What IS tractable now:
1. **Public C API header** (`include/daedalus.h`): declare the
library's stable function surface for the 5 kernels +
substrate selection + init/teardown. Future Phase 8 V4L2 shim
consumes this header. This:
- Locks the API shape so V4L2 work doesn't need to plumb
through internal types.
- Documents which kernels deploy where (recipe encoded in API).
- Forces a clean separation between "kernel work" (cycles 1-5)
and "decoder pipeline" (Phase 8).
2. **A minimal core library** (`src/daedalus_core.{h,c}`):
skeleton that compiles, has the right typedefs and dispatch
tables, but body of each function is `assert(0 && "TODO")`.
Builds against existing kernel implementations.
3. **One integration test** (`tests/test_idct_through_api.c`):
exercise the public API for ONE kernel end-to-end. Proves the
API can connect to existing benches.
This commit gives the integration target something concrete to
hook into without prejudging V4L2 architecture (A/B/C).

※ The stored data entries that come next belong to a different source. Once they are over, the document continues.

lemma cone_gen_eq_convex_cone_hull:
  assumes "finite S"
  shows "cone_gen S = convex_cone hull S"
proof
  show "cone_gen S \<subseteq> convex_cone hull S"
  proof
    fix x assume "x \<in> cone_gen S"
    then obtain c where x: "x = (\<Sum>v\<in>S. c v *\<^sub>R v)" and c: "\<forall>v\<in>S. c v \<ge> 0"
      unfolding cone_gen_def by auto
    have "(\<Sum>v\<in>T. c v *\<^sub>R v) \<in> convex_cone hull S" if "T \<subseteq> S" for T
      using finite_subset[OF that assms] that
      by (induction T rule: finite_induct)
         (auto simp: c convex_cone_hull_contains_0 convex_cone_hull_add convex_cone_hull_mul hull_inc)
    then show "x \<in> convex_cone hull S" using x by blast
  qed
next
  have "S \<subseteq> cone_gen S"
  proof
    fix v assume "v \<in> S"
    then have "v = (\<Sum>w\<in>S. (if w = v then 1 else 0) *\<^sub>R w)"
      using assms by (simp add: if_distrib[of "\<lambda>c. c *\<^sub>R _"] cong: if_cong)
    then show "v \<in> cone_gen S" unfolding cone_gen_def by (auto intro!: exI[of _ "\<lambda>w. if w = v then 1 else 0"])
  qed
  then show "convex_cone hull S \<subseteq> cone_gen S"
    by (rule hull_minimal) (rule convex_cone_cone_gen[OF assms])
qed

lemma cone_gen_superset: "finite S \<Longrightarrow> S \<subseteq> cone_gen S"
  by (simp add: cone_gen_eq_convex_cone_hull hull_subset)

lemma cone_gen_mono: "finite B \<Longrightarrow> A \<subseteq> B \<Longrightarrow> cone_gen A \<subseteq> cone_gen B"
  by (simp add: cone_gen_eq_convex_cone_hull finite_subset hull_mono)

lemma msum_cone_gen:
  assumes "finite A" "finite B"
  shows "msum (cone_gen A) (cone_gen B) = cone_gen (A \<union> B)"
  using assms by (auto simp: msum_def cone_gen_eq_convex_cone_hull convex_cone_hull_Un)

lemma aff_dim_cone_gen:
  assumes "independent T" "finite T"
  shows "aff_dim (cone_gen T) = int (card T)"
proof -
  have "cone_gen T \<subseteq> span T"
    using assms(2) by (simp add: cone_gen_eq_convex_cone_hull hull_minimal convex_cone_span span_superset)
  then have "span (cone_gen T) = span T"
    using cone_gen_superset[OF assms(2)] by (metis span_eq span_superset subset_trans)
  then have "dim (cone_gen T) = card T"
    by (metis dim_span dim_eq_card_independent[OF assms(1)])
  then show ?thesis
    by (simp add: aff_dim_zero hull_inc zero_in_cone_gen)
qed

section \<open>Cones spanned by linearly independent vectors\<close>

lemma representation_sum_scaleR:
  assumes "independent S" "T \<subseteq> S" "finite T"
  shows "representation S (\<Sum>v\<in>T. c v *\<^sub>R v) = (\<lambda>w. if w \<in> T then c w else 0)"
proof -
  have coord: "representation S (c v *\<^sub>R v) = (\<lambda>w. if w = v then c v else 0)" if "v \<in> T" for v
  proof -
    have v: "v \<in> S" using that assms(2) by blast
    show ?thesis
      by (simp add: real_vector.representation_scale[OF assms(1) span_base[OF v]]
          real_vector.representation_basis[OF assms(1) v] if_distrib cong: if_cong)
  qed
  have "representation S (\<Sum>v\<in>T. c v *\<^sub>R v) = (\<lambda>w. \<Sum>v\<in>T. if w = v then c v else 0)"
    using assms(1,2) coord
    by (subst real_vector.representation_sum) (auto intro!: span_scale intro: span_base)
  then show ?thesis using assms(3) by simp
qed

lemma mem_cone_gen_iff_representation:
  assumes "independent S" "finite S" "T \<subseteq> S"
  shows "x \<in> cone_gen T \<longleftrightarrow> x \<in> span S \<and> (\<forall>w\<in>S. 0 \<le> representation S x w) \<and>
    (\<forall>w\<in>S - T. representation S x w = 0)"
proof
  assume "x \<in> cone_gen T"
  then obtain c where x: "x = (\<Sum>v\<in>T. c v *\<^sub>R v)" and c: "\<forall>v\<in>T. c v \<ge> 0"
    unfolding cone_gen_def by auto
  have "x \<in> span S"
    unfolding x using assms(3) by (intro span_sum span_scale) (auto intro: span_base)
  moreover have "finite T" using assms(2,3) by (rule finite_subset[rotated])
  ultimately show "x \<in> span S \<and> (\<forall>w\<in>S. 0 \<le> representation S x w) \<and>
      (\<forall>w\<in>S - T. representation S x w = 0)"
    using c representation_sum_scaleR[OF assms(1,3)] unfolding x by auto
next
  assume x: "x \<in> span S \<and> (\<forall>w\<in>S. 0 \<le> representation S x w) \<and>
    (\<forall>w\<in>S - T. representation S x w = 0)"
  have "x = (\<Sum>w\<in>S. representation S x w *\<^sub>R w)"
    using real_vector.sum_representation_eq[OF assms(1) _ assms(2)] x by simp
  also have "\<dots> = (\<Sum>w\<in>T. representation S x w *\<^sub>R w)"
    using assms(2,3) x by (intro sum.mono_neutral_right) auto
  finally show "x \<in> cone_gen T"
    using x assms(3) unfolding cone_gen_def by auto
qed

## Out of scope for this session
- v4l2loopback setup (Option A specifics).
- VP9 bitstream parser (huge — borrow from FFmpeg / VP9 reference).
- Superblock-level decode loop.
- Frame buffer / dmabuf integration.
- libva-v4l2-request-fourier modifications (separate sibling repo).

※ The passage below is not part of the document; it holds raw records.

(*
  The slash action is a right action of invertible matrices in which scalars of modulus one act
  trivially; the cocycle identity P|g|h = P|gh is checked on the rational form of the action away
  from its finitely many poles, which suffices because elements of V are polynomials.
  Conjugation by eps1 = diag(i, 1) permutes the relations defining W up to such scalars:
  eps1 S = -(S L) eps1, eps1 L = L eps1, eps1 U = -E eps1 and eps1 U^2 = E^2 eps1.  Writing
  eps1 = L M with M = diag(1, i), eps1 acts as M on L-invariant elements, and M E = -U M,
  M E^2 = U^2 M.  Hence W|eps1 is contained in W; as P|eps1 = P(iz, -iw) has order four, this is
  an equality, and the projectors (1/4) sum_j e^(-j) eps1^j for the fourth roots of unity e
  split W into the four eigenspaces.
*)
theory Submission
  imports Defs "HOL-Computational_Algebra.Polynomial"
begin

section \<open>Polynomials in z and its conjugate\<close>

lemma polyfun_eq_0_off_finite:
  fixes c :: "nat \<Rightarrow> 'a::{idom, real_normed_div_algebra}"
  assumes "finite A" "\<And>x. x \<notin> A \<Longrightarrow> (\<Sum>i\<le>n. c i * x ^ i) = 0" "i \<le> n"
  shows "c i = 0"
proof (rule ccontr)
  assume "c i \<noteq> 0"
  then have "finite {x. (\<Sum>i\<le>n. c i * x ^ i) = 0}"
    using polyfun_roots_finite assms(3) by blast
  moreover have "UNIV - A \<subseteq> {x. (\<Sum>i\<le>n. c i * x ^ i) = 0}"
    using assms(2) by blast
  ultimately have "finite (UNIV - A)"
    by (rule finite_subset[rotated])
  then show False
    using assms(1) infinite_UNIV_char_0[where 'a='a] by simp
qed

lemma poly2_eq_0_off_finite:
  assumes "finite A" "finite B"
    and "\<And>z w. z \<notin> A \<Longrightarrow> w \<notin> B \<Longrightarrow> poly2 k c z w = 0"
    and "i \<le> k" "j \<le> k"
  shows "c i j = 0"
proof -
  have "(\<Sum>j\<le>k. c i j * w ^ j) = 0" if "w \<notin> B" for w
  proof (rule polyfun_eq_0_off_finite[OF assms(1) _ assms(4)])
    show "(\<Sum>i\<le>k. (\<Sum>j\<le>k. c i j * w ^ j) * z ^ i) = 0" if "z \<notin> A" for z
      using assms(3)[OF that \<open>w \<notin> B\<close>]
      by (simp add: poly2_def sum_distrib_left sum_distrib_right mult_ac)
  qed
  then show ?thesis
    using polyfun_eq_0_off_finite[OF assms(2) _ assms(5)] by blast
qed

lemma poly2_lincomb:
  "(\<lambda>z w. a * poly2 k c z w + poly2 k d z w) = poly2 k (\<lambda>i j. a * c i j + d i j)"
  by (simp add: poly2_def sum.distrib sum_distrib_left algebra_simps)

lemma Vkk_lincomb: "P \<in> Vkk k \<Longrightarrow> Q \<in> Vkk k \<Longrightarrow> (\<lambda>z w. a * P z w + Q z w) \<in> Vkk k"
  unfolding Vkk_def by (auto simp: poly2_lincomb)

lemma Vkk_zero: "(\<lambda>z w. 0) \<in> Vkk k"
  unfolding Vkk_def poly2_def by (auto intro: exI[of _ "\<lambda>i j. 0"])

lemma Vkk_sum:
  "finite A \<Longrightarrow> (\<And>x. x \<in> A \<Longrightarrow> F x \<in> Vkk k) \<Longrightarrow> (\<lambda>z w. \<Sum>x\<in>A. F x z w) \<in> Vkk k"
  by (induction A rule: finite_induct) (use Vkk_zero Vkk_lincomb[of _ k _ 1] in auto)

lemma Vkk_eq_off_finite:
  assumes "P \<in> Vkk k" "Q \<in> Vkk k" "finite A" "finite B"
    and "\<And>z w. z \<notin> A \<Longrightarrow> w \<notin> B \<Longrightarrow> P z w = Q z w"
  shows "P = Q"
proof -
  obtain c d where P: "P = poly2 k c" and Q: "Q = poly2 k d"
    using assms(1,2) unfolding Vkk_def by auto
  have "c i j = d i j" if "i \<le> k" "j \<le> k" for i j
  proof -
    have "poly2 k (\<lambda>i j. -1 * d i j + c i j) z w = 0" if "z \<notin> A" "w \<notin> B" for z w
      using assms(5)[OF that] unfolding P Q poly2_lincomb[symmetric] by simp
    then show ?thesis
      using poly2_eq_0_off_finite[OF assms(3,4) _ that] by fastforce
  qed
  then show ?thesis
    unfolding P Q poly2_def by (intro ext sum.cong) auto
qed

lemma poly2_coeffs2: "P \<in> Vkk k \<Longrightarrow> poly2 k (coeffs2 k P) = P"
  unfolding Vkk_def coeffs2_def by (metis (mono_tags) mem_Collect_eq someI)

lemma coeffs2_poly2:
  assumes "i \<le> k" "j \<le> k"
  shows "coeffs2 k (poly2 k c) i j = c i j"
proof -
  have "poly2 k (coeffs2 k (poly2 k c)) = poly2 k c"
    by (rule poly2_coeffs2) (auto simp: Vkk_def)
  then have "poly2 k (\<lambda>i j. -1 * c i j + coeffs2 k (poly2 k c) i j) z w = 0" for z w
    unfolding poly2_lincomb[symmetric] by simp
  then show ?thesis
    using poly2_eq_0_off_finite[of "{}" "{}", OF _ _ _ assms] by fastforce
qed

section \<open>The slash action\<close>

lemma coeffs2_lincomb:
  assumes "P \<in> Vkk k" "Q \<in> Vkk k" "i \<le> k" "j \<le> k"
  shows "coeffs2 k (\<lambda>z w. a * P z w + Q z w) i j = a * coeffs2 k P i j + coeffs2 k Q i j"
  using coeffs2_poly2[OF assms(3,4), of "\<lambda>i j. a * coeffs2 k P i j + coeffs2 k Q i j"]
  by (simp add: poly2_lincomb[symmetric] poly2_coeffs2 assms(1,2))

lemma slash_lincomb:
  assumes "P \<in> Vkk k" "Q \<in> Vkk k"
  shows "slash k (\<lambda>z w. a * P z w + Q z w) g = (\<lambda>z w. a * slash k P g z w + slash k Q g z w)"
proof (intro ext)
  fix z w
  obtain a' b c e where g: "g = (a', b, c, e)"
    by (cases g)
  show "slash k (\<lambda>z w. a * P z w + Q z w) g z w = a * slash k P g z w + slash k Q g z w"
    unfolding slash_def g prod.case sum_distrib_left sum.distrib[symmetric]
    using coeffs2_lincomb[OF assms] by (intro sum.cong refl) (simp add: algebra_simps)
qed

lemma poly_eq_sum_upto:
  fixes p :: "'a::comm_semiring_1 poly"
  assumes "degree p \<le> k"
  shows "poly p z = (\<Sum>i\<le>k. coeff p i * z ^ i)"
  unfolding poly_altdef using assms
  by (intro sum.mono_neutral_left) (auto simp: coeff_eq_0)

lemma Vkk_poly_times_poly:
  "degree p \<le> k \<Longrightarrow> degree q \<le> k \<Longrightarrow> (\<lambda>z w. poly p z * poly q w) \<in> Vkk k"
  unfolding Vkk_def poly2_def
  by (auto simp: poly_eq_sum_upto sum_product mult_ac intro!: exI[of _ "\<lambda>i j. coeff p i * coeff q j"])

lemma degree_linear_powers:
  fixes a b c e :: "'a::comm_semiring_1"
  assumes "i \<le> k"
  shows "degree ([:b, a:] ^ i * [:e, c:] ^ (k - i)) \<le> k"
proof -
  have "degree ([:b, a:] ^ i * [:e, c:] ^ (k - i)) \<le> degree [:b, a:] * i + degree [:e, c:] * (k - i)"
    by (intro order.trans[OF degree_mult_le] add_mono degree_power_le)
  also have "\<dots> \<le> 1 * i + 1 * (k - i)"
    by (intro add_mono mult_right_mono) auto
  finally show ?thesis
    using assms by simp
qed

lemma slash_in_Vkk: "slash k P g \<in> Vkk k"
proof -
  obtain a b c e where g: "g = (a, b, c, e)"
    by (cases g)
  define p where "p i = [:b, a:] ^ i * [:e, c:] ^ (k - i)" for i
  define q where "q j = [:cnj b, cnj a:] ^ j * [:cnj e, cnj c:] ^ (k - j)" for j
  have "slash k P g = (\<lambda>z w. \<Sum>i\<le>k. \<Sum>j\<le>k. coeffs2 k P i j * (poly (p i) z * poly (q j) w))"
    unfolding slash_def g p_def q_def by (simp add: algebra_simps)
  also have "\<dots> \<in> Vkk k"
  proof (intro Vkk_sum finite_atMost)
    fix i j
    assume "i \<in> {..k}" "j \<in> {..k}"
    then have "degree (p i) \<le> k" "degree (q j) \<le> k"
      unfolding p_def q_def by (simp_all add: degree_linear_powers)
    then show "(\<lambda>z w. coeffs2 k P i j * (poly (p i) z * poly (q j) w)) \<in> Vkk k"
      using Vkk_lincomb[OF Vkk_poly_times_poly Vkk_zero] by simp
  qed
  finally show ?thesis .
qed

lemma slash_mI: "P \<in> Vkk k \<Longrightarrow> slash k P mI = P"
  by (subst (2) poly2_coeffs2[symmetric]) (auto simp: slash_def mI_def poly2_def)

definition twist :: "(complex \<Rightarrow> complex \<Rightarrow> complex) \<Rightarrow> complex \<Rightarrow> complex \<Rightarrow> complex" where
  "twist P = (\<lambda>z w. P (\<i> * z) (cnj \<i> * w))"

lemma slash_eps1: "P \<in> Vkk k \<Longrightarrow> slash k P eps1 = twist P"
  by (subst (2) poly2_coeffs2[symmetric]) (auto simp: slash_def eps1_def twist_def poly2_def)

fun msmult :: "complex \<Rightarrow> mat2 \<Rightarrow> mat2" where
  "msmult l (a, b, c, e) = (l * a, l * b, l * c, l * e)"

lemma slash_msmult:
  assumes "l * cnj l = 1"
  shows "slash k P (msmult l g) = slash k P g"
proof -
  obtain a b c e where g: "g = (a, b, c, e)"
    by (cases g)
  have lk: "l ^ k * cnj l ^ k = 1"
    using assms by (metis power_mult_distrib power_one)
  have scale: "(l * x) ^ i * (l * y) ^ (k - i) = l ^ k * (x ^ i * y ^ (k - i))" if "i \<le> k"
    for l x y :: complex and i
    using that by (simp add: power_mult_distrib power_add[symmetric] mult_ac)
  have "(l * x) ^ i * ((l * y) ^ (k - i) * ((cnj l * u) ^ j * (cnj l * v) ^ (k - j)))
      = x ^ i * (y ^ (k - i) * (u ^ j * v ^ (k - j)))" if "i \<le> k" "j \<le> k" for x y u v i j
    using scale[OF that(1), of l x y] scale[OF that(2), of "cnj l" u v] lk
    by (simp add: mult.assoc[symmetric])
  then show ?thesis
    unfolding slash_def g msmult.simps prod.case
    by (intro ext sum.cong refl) (simp add: mult.assoc distrib_left[symmetric])
qed

fun mdet :: "mat2 \<Rightarrow> complex" where
  "mdet (a, b, c, e) = a * e - b * c"

fun mcnj :: "mat2 \<Rightarrow> mat2" where
  "mcnj (a, b, c, e) = (cnj a, cnj b, cnj c, cnj e)"

fun jfac :: "mat2 \<Rightarrow> complex \<Rightarrow> complex" where
  "jfac (a, b, c, e) z = c * z + e"

fun mobius :: "mat2 \<Rightarrow> complex \<Rightarrow> complex" where
  "mobius (a, b, c, e) z = (a * z + b) / (c * z + e)"

lemma mdet_mmul: "mdet (mmul g h) = mdet g * mdet h"
  by (cases g, cases h) (simp add: algebra_simps)

lemma mdet_mcnj: "mdet (mcnj g) = cnj (mdet g)"
  by (cases g) simp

These are tracked as future phases / issues.
## Acceptance for this Phase 8 scoping deliverable
- `include/daedalus.h` exists and is documented.
- `src/daedalus_core.{h,c}` skeleton compiles + links into the
existing CMake build.
- One pass-through test (`test_idct_through_api`) runs and
exercises the public API path for at least one kernel,
producing the same M1 bit-exact result the cycle 1 bench did.
- Recipe table (which kernel runs where) is documented in the
header and the docs/k* phase7 docs cross-reference it.